__Your instructions__. In exact form, please repeat the records from their opening line down to the line with "mapped to a", including that line.

Data to use below:

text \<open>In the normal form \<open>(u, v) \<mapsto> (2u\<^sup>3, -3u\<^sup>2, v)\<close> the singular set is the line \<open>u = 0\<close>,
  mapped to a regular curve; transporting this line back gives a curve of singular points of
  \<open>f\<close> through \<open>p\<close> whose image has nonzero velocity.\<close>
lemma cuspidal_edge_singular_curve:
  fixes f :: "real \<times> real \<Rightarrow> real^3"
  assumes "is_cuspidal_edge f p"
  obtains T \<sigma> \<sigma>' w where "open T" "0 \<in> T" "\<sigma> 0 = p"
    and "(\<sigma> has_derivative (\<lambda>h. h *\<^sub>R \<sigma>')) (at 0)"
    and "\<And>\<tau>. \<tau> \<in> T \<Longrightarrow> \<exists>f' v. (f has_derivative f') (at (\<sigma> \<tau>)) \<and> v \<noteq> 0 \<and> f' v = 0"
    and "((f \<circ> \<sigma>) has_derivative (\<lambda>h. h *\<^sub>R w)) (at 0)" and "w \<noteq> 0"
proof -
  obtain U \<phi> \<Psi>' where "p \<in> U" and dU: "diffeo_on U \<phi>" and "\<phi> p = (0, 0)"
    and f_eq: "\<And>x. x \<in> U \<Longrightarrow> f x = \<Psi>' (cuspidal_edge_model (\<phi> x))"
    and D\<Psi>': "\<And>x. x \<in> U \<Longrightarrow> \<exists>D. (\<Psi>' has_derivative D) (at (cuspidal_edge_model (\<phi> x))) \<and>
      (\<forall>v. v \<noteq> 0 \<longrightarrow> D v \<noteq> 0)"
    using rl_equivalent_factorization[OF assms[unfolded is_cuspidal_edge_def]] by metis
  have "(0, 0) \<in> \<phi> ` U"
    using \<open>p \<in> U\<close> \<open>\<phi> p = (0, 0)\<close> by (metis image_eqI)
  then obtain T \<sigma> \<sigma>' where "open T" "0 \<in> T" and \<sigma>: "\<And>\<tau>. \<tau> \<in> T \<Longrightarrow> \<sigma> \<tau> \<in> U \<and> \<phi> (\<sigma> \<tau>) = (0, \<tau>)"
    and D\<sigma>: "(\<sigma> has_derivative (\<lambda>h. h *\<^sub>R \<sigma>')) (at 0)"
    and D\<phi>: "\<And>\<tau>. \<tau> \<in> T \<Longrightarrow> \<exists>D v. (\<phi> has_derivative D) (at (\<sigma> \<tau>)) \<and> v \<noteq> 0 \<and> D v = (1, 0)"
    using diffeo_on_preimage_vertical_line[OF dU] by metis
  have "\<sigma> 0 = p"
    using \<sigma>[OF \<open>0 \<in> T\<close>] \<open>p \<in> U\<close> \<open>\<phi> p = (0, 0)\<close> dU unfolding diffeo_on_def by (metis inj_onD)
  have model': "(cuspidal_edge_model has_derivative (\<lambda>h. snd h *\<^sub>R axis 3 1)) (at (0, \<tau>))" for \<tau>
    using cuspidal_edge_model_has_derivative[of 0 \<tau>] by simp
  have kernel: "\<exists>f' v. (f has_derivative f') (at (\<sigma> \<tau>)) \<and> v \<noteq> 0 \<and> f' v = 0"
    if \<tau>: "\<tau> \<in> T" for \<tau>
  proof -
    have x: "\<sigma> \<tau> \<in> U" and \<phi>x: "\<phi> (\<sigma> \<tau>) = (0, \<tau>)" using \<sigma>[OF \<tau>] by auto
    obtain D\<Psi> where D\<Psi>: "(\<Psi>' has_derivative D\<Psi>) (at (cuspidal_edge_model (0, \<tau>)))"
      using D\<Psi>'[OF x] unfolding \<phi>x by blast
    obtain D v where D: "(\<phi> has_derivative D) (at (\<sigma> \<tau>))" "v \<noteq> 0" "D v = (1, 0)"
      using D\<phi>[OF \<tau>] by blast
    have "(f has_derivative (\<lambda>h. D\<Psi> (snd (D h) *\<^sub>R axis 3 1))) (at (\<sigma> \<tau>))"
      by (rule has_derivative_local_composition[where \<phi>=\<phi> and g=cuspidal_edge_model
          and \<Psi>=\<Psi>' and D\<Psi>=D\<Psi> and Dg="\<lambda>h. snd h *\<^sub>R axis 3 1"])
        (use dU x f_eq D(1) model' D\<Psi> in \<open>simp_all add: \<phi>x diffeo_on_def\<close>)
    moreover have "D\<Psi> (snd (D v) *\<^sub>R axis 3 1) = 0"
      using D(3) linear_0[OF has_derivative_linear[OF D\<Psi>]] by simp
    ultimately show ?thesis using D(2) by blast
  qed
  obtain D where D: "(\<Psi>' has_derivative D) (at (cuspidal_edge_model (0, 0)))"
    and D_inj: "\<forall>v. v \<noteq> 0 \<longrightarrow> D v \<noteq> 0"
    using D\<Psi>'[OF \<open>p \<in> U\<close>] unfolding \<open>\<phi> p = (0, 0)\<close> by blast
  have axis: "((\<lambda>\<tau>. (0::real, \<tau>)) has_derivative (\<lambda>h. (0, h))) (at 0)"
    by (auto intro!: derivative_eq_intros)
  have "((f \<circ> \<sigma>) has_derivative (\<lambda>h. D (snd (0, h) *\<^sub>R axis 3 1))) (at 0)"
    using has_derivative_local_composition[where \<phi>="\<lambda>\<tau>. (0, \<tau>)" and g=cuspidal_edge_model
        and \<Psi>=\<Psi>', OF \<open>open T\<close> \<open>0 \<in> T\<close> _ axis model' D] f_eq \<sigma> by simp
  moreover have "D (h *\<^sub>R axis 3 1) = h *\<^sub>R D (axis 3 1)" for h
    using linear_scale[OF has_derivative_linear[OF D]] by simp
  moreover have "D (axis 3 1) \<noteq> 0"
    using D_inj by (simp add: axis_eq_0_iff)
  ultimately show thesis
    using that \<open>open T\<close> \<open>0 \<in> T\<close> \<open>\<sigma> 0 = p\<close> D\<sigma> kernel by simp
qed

End of Data to use.

__Your response__.
text \<open>In the normal form \<open>(u, v) \<mapsto> (2u\<^sup>3, -3u\<^sup>2, v)\<close> the singular set is the line \<open>u = 0\<close>,
  mapped to a regular curve; transporting this line back gives a curve of singular points of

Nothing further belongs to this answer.